Les maladies professionnelles touchent les moins qualifiés

avril 12, 2022

Les maladies professionnelles [1] frappent avant tout les milieux populaires, les ouvriers et les employés. Sur 50 744 cas recensés par le ministère du Travail [2] en 2016 (dernière année disponible), plus des deux tiers affectent des ouvriers. 21 % touchent des employés, tandis que seulement 2 % concernent des professions intermédiaires et 4 % des cadres supérieurs et chefs d’entreprise.

Les principales maladies professionnelles reconnues sont les affections causées par l’exposition à l’amiante (qui peut causer des cancers) et les troubles musculosquelettiques (TMS) [3]. Les TMS représentent 88 % de ces maladies, les cancers et affections dues à l’amiante, 7 %. D’autres maladies professionnelles comme les surdités, les rhinites et les maladies de peau sont aussi fréquemment recensées. « Les maladies les plus graves concernent quasi exclusivement les ouvriers, avec respectivement 92 % et 95 % des affections liées à l’amiante et des surdités reconnues en 2016 », souligne le ministère du Travail.

65 % des cas de TMS reconnus concernent des ouvriers, notamment ceux qui travaillent dans des secteurs à risque comme ceux de la fabrication de denrées alimentaires (principalement les activités liées à la transformation de la viande et la préparation de produits à base de viande) ou du textile. Des secteurs qui emploient une grande part de salariés non qualifiés. Les ouvrières sont particulièrement touchées par les TMS : elles sont concernées par 74 cas de TMS pour dix millions d’heures rémunérées (24 pour leurs homologues masculins), tandis que ce nombre est de deux chez les femmes de profession intermédiaire et de cinq chez les femmes cadres.

Ces données sous-estiment certainement la réalité du nombre de travailleurs souffrant de maladies professionnelles. De nombreux cas ne sont pas déclarés, parfois parce que ces travailleurs craignent de perdre leur emploi ou renoncent à le faire en raison de la difficulté à faire reconnaître ces maladies comme telles.

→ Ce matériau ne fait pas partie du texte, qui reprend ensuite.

lemma multiplicity_prod_power:
  fixes z :: "'h \<Rightarrow> nat"
  assumes "finite A" "\<forall>h\<in>A. z h \<noteq> 0" "prime p"
  shows "multiplicity p (\<Prod>h\<in>A. z h ^ e h) = (\<Sum>h\<in>A. e h * multiplicity p (z h))"
proof -
  have "multiplicity p (\<Prod>h\<in>A. z h ^ e h) = (\<Sum>h\<in>A. multiplicity p (z h ^ e h))"
    by (rule prime_elem_multiplicity_prod_distrib) (use assms in \<open>auto simp: image_iff\<close>)
  also have "\<dots> = (\<Sum>h\<in>A. e h * multiplicity p (z h))"
    by (rule sum.cong) (use assms in \<open>auto intro: prime_elem_multiplicity_power_distrib\<close>)
  finally show ?thesis .
qed

lemma multiplicity_digit_product:
  fixes z :: "nat \<Rightarrow> nat"
  assumes "\<forall>h\<in>{1..2^n - 1}. z h \<noteq> 0" "prime p" "j \<in> {1..n}"
  shows "multiplicity p (\<Prod>h\<in>{1..2^n - 1}. z h ^ eps j h)
       = weight (bitset n) {1..2^n - 1} (\<lambda>h. multiplicity p (z h)) j"
proof -
  have "(\<Sum>h\<in>{1..2^n - 1}. eps j h * multiplicity p (z h))
      = weight (bitset n) {1..2^n - 1} (\<lambda>h. multiplicity p (z h)) j"
    unfolding weight_def by (rule sum.cong) (simp_all add: eps_eq_indicator[OF assms(3)])
  then show ?thesis using multiplicity_prod_power[OF _ assms(1,2)] by simp
qed

lemma reduced_iff_chain_supported:
  fixes z :: "nat \<Rightarrow> nat"
  assumes "\<forall>h\<in>{1..2^n - 1}. z h \<noteq> 0"
  shows "reduced n z \<longleftrightarrow>
    (\<forall>p. prime p \<longrightarrow> chain_supported (bitset n) {1..2^n - 1} (\<lambda>h. multiplicity p (z h)))"
proof -
  have "0 < multiplicity p (z h) \<longleftrightarrow> p dvd z h" if "prime p" "h \<in> {1..2^n - 1}" for p h
    using that assms by (simp add: prime_multiplicity_gt_zero_iff prime_imp_prime_elem)
  then show ?thesis
    unfolding reduced_def chain_supported_iff gcd_eq_1_iff_no_common_prime
      preceq_iff_bitset_subset by blast
qed

definition digit_products :: "nat \<Rightarrow> (nat \<Rightarrow> nat) \<Rightarrow> nat \<Rightarrow> nat" where
  "digit_products n z = (\<lambda>j\<in>{1..n}. \<Prod>h\<in>{1..2^n - 1}. z h ^ eps j h)"

lemma digit_products_apply:
  "j \<in> {1..n} \<Longrightarrow> digit_products n z j = (\<Prod>h\<in>{1..2^n - 1}. z h ^ eps j h)"
  unfolding digit_products_def by simp

lemma digit_products_pos:
  "z \<in> {1..2^n - 1} \<rightarrow>\<^sub>E {x. 0 < x} \<Longrightarrow> digit_products n z \<in> {1..n} \<rightarrow>\<^sub>E {y. 0 < y}"
  unfolding digit_products_def by (auto intro!: prod_pos)

lemma digit_products_inj:
  "inj_on (digit_products n) {z \<in> {1..2^n - 1} \<rightarrow>\<^sub>E {x. 0 < x}. reduced n z}"
proof (rule inj_onI)
  fix z z' assume z: "z \<in> {z \<in> {1..2^n - 1} \<rightarrow>\<^sub>E {x. 0 < x}. reduced n z}"
    and z': "z' \<in> {z \<in> {1..2^n - 1} \<rightarrow>\<^sub>E {x. 0 < x}. reduced n z}"
    and eq: "digit_products n z = digit_products n z'"
  have nz: "\<forall>h\<in>{1..2^n - 1}. z h \<noteq> 0" "\<forall>h\<in>{1..2^n - 1}. z' h \<noteq> 0"
    using z z' by (auto simp: PiE_iff)
  have "z h = z' h" if h: "h \<in> {1..2^n - 1}" for h
  proof (rule multiplicity_eq_nat)
    show "0 < z h" "0 < z' h" using nz h by auto
    fix p :: nat assume p: "prime p"
    have "\<forall>j\<in>{1..n}. weight (bitset n) {1..2^n - 1} (\<lambda>h. multiplicity p (z h)) j
        = weight (bitset n) {1..2^n - 1} (\<lambda>h. multiplicity p (z' h)) j"
    proof
      fix j assume j: "j \<in> {1..n}"
      have "(\<Prod>h\<in>{1..2^n - 1}. z h ^ eps j h) = (\<Prod>h\<in>{1..2^n - 1}. z' h ^ eps j h)"
        using eq digit_products_apply[OF j] by metis
      then show "weight (bitset n) {1..2^n - 1} (\<lambda>h. multiplicity p (z h)) j
        = weight (bitset n) {1..2^n - 1} (\<lambda>h. multiplicity p (z' h)) j"
        using multiplicity_digit_product[OF nz(1) p j] multiplicity_digit_product[OF nz(2) p j]
        by metis
    qed
    moreover have "chain_supported (bitset n) {1..2^n - 1} (\<lambda>h. multiplicity p (z h))"
      using z p reduced_iff_chain_supported[OF nz(1)] by simp
    moreover have "chain_supported (bitset n) {1..2^n - 1} (\<lambda>h. multiplicity p (z' h))"
      using z' p reduced_iff_chain_supported[OF nz(2)] by simp
    ultimately show "multiplicity p (z h) = multiplicity p (z' h)"
      using nonempty_subset_indexing.chain_supported_unique[OF bitset_indexing] h by blast
  qed
  then show "z = z'"
    using z z' by (intro PiE_ext[of z "{1..2^n - 1}" "\<lambda>_. {x. 0 < x}" z']) auto
qed

lemma digit_products_surj:
  assumes y: "y \<in> {1..n} \<rightarrow>\<^sub>E {y. 0 < y}"
  obtains z where "z \<in> {1..2^n - 1} \<rightarrow>\<^sub>E {x. 0 < x}" "reduced n z" "digit_products n z = y"
proof -
  interpret nonempty_subset_indexing "{1..n}" "{1..2^n - 1}" "bitset n"
    by (rule bitset_indexing)
  have "\<forall>p. \<exists>c. chain_supported (bitset n) {1..2^n - 1} c
      \<and> (\<forall>j\<in>{1..n}. weight (bitset n) {1..2^n - 1} c j = multiplicity p (y j))"
    by (rule allI, rule chain_supported_exists)
  then obtain C where C: "\<forall>p. chain_supported (bitset n) {1..2^n - 1} (C p)
      \<and> (\<forall>j\<in>{1..n}. weight (bitset n) {1..2^n - 1} (C p) j = multiplicity p (y j))"
    by (rule choice[THEN exE])
  then have C_chain: "chain_supported (bitset n) {1..2^n - 1} (C p)"
    and C_weight: "\<And>j. j \<in> {1..n} \<Longrightarrow> weight (bitset n) {1..2^n - 1} (C p) j = multiplicity p (y j)"
    for p by blast+
  define P where "P = (\<Union>j\<in>{1..n}. prime_factors (y j))"
  have P: "finite P" "\<And>p. p \<in> P \<Longrightarrow> prime p"
    unfolding P_def by (auto intro: in_prime_factors_imp_prime)
  have C_outside: "C q h = 0" if "prime q" "q \<notin> P" "h \<in> {1..2^n - 1}" for q h
  proof -
    have "multiplicity q (y j) = 0" if j: "j \<in> {1..n}" for j
    proof (rule not_dvd_imp_multiplicity_0, rule notI)
      assume "q dvd y j"
      then have "q \<in> prime_factors (y j)"
        using \<open>prime q\<close> y j by (auto simp: in_prime_factors_iff PiE_iff)
      then show False using \<open>q \<notin> P\<close> j by (auto simp: P_def)
    qed
    then have "weight (bitset n) {1..2^n - 1} (C q) j = 0" for j
      using C_weight weight_outside by (cases "j \<in> {1..n}") auto
    then show ?thesis using all_zero_iff_weights_zero that(3) by blast
  qed
  define z where "z = (\<lambda>h\<in>{1..2^n - 1}. \<Prod>p\<in>P. p ^ C p h)"
  have z: "z \<in> {1..2^n - 1} \<rightarrow>\<^sub>E {x. 0 < x}"
    using P(2) by (auto simp: z_def prime_gt_0_nat intro!: prod_pos)
  then have nz: "\<forall>h\<in>{1..2^n - 1}. z h \<noteq> 0" by auto
  have mult_z: "multiplicity q (z h) = C q h" if "prime q" "h \<in> {1..2^n - 1}" for q h
    using that C_outside by (simp add: z_def multiplicity_prod_prime_powers[OF P])
  have "reduced n z"
    unfolding reduced_iff_chain_supported[OF nz]
  proof (intro allI impI)
    fix q :: nat assume "prime q"
    then have "chain_supported (bitset n) {1..2^n - 1} (\<lambda>h. multiplicity q (z h))
        \<longleftrightarrow> chain_supported (bitset n) {1..2^n - 1} (C q)"
      by (intro chain_supported_cong) (simp add: mult_z)
    with C_chain show "chain_supported (bitset n) {1..2^n - 1} (\<lambda>h. multiplicity q (z h))"
      by simp
  qed
  moreover have "digit_products n z j = y j" for j
  proof (cases "j \<in> {1..n}")
    case True
    have "(\<Prod>h\<in>{1..2^n - 1}. z h ^ eps j h) = y j"
    proof (rule multiplicity_eq_nat)
      show "0 < (\<Prod>h\<in>{1..2^n - 1}. z h ^ eps j h)" "0 < y j"
        using z y True by (auto simp: PiE_iff intro!: prod_pos)
      fix q :: nat assume q: "prime q"
      have "multiplicity q (\<Prod>h\<in>{1..2^n - 1}. z h ^ eps j h)
          = weight (bitset n) {1..2^n - 1} (C q) j"
        unfolding multiplicity_digit_product[OF nz q True] using mult_z[OF q] by (rule weight_cong)
      then show "multiplicity q (\<Prod>h\<in>{1..2^n - 1}. z h ^ eps j h) = multiplicity q (y j)"
        using C_weight[OF True] by simp
    qed
    then show ?thesis by (simp add: digit_products_apply[OF True])
  next
    case False
    then show ?thesis using PiE_arb[OF y False] by (auto simp: digit_products_def)
  qed
  ultimately show thesis using that z by blast
qed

Les maladies professionnelles par catégorie socioprofessionnelle
Nombre de maladies professionnelles reconnues Répartition en %
Cadres supérieurs 1 936 4
Professions intermédiaires 995 2
Employés 10 818 21
Ouvriers 34 133 67
Ensemble 50 744 100

Les salariés du régime agricole sont inclus dans l’ensemble, mais pas dans le détail par catégorie socioprofessionnelle. Lecture : 67,3 % des maladies professionnelles reconnues sont recensées chez les ouvriers.
Source : Cnam, Insee, calculs ministère du Travail – Données 2016 – © Observatoire des inégalités

Les troubles musculosquelettiques (TMS) selon le sexe et catégorie socioprofessionnelle
Nombre de TMS ppour dix millions d’heures salariées Nombre de TMS reconnus
Femmes Hommes Ensemble Ensemble Répartition en %
Cadres supérieurs et chefs d’entreprise 5,4 1,1 2,7 1 589 3,6
Professions intermédiaires 2,4 0,4 1,3 808 1,8
Employés 14,1 4,2 11,0 10 196 22,9
Ouvriers 74,2 23,7 32,4 29 092 65,5
Ensemble 17,8 11,5 14,1 44 447 100

Les salariés du régime agricole sont inclus dans l’ensemble, mais pas dans le détail par catégorie socioprofessionnelle. Lecture : le nombre de TMS pour dix millions d’heures salariées est de 74,2 chez les ouvrières.
Source : Cnam, Insee, calculs ministère du Travail – Données 2016 – © Observatoire des inégalités

Photo / © Fotolia


[1« La maladie professionnelle est une atteinte à la santé, contractée au travail, qui résulte d’une série d’événements à évolution lente auxquels on ne saurait assigner une origine et une date certaines », indique le ministère du Travail. Les maladies professionnelles doivent être, d’une part, déclarées par le salarié et, d’autre part, reconnues comme telles par la Caisse d’assurance maladie. Les affections psychiques liées au travail ne sont pas comptées comme maladies professionnelles.

[3Les troubles musculosquelettiques (TMS) touchent les muscles, les tendons et les nerfs. Ils concernent en particulier les épaules, les poignets, le cou et sont liés aux conditions du travail (postures, types de gestes à effectuer), ainsi qu’à l’intensification du travail. Un TMS peut entraîner un handicap permanent.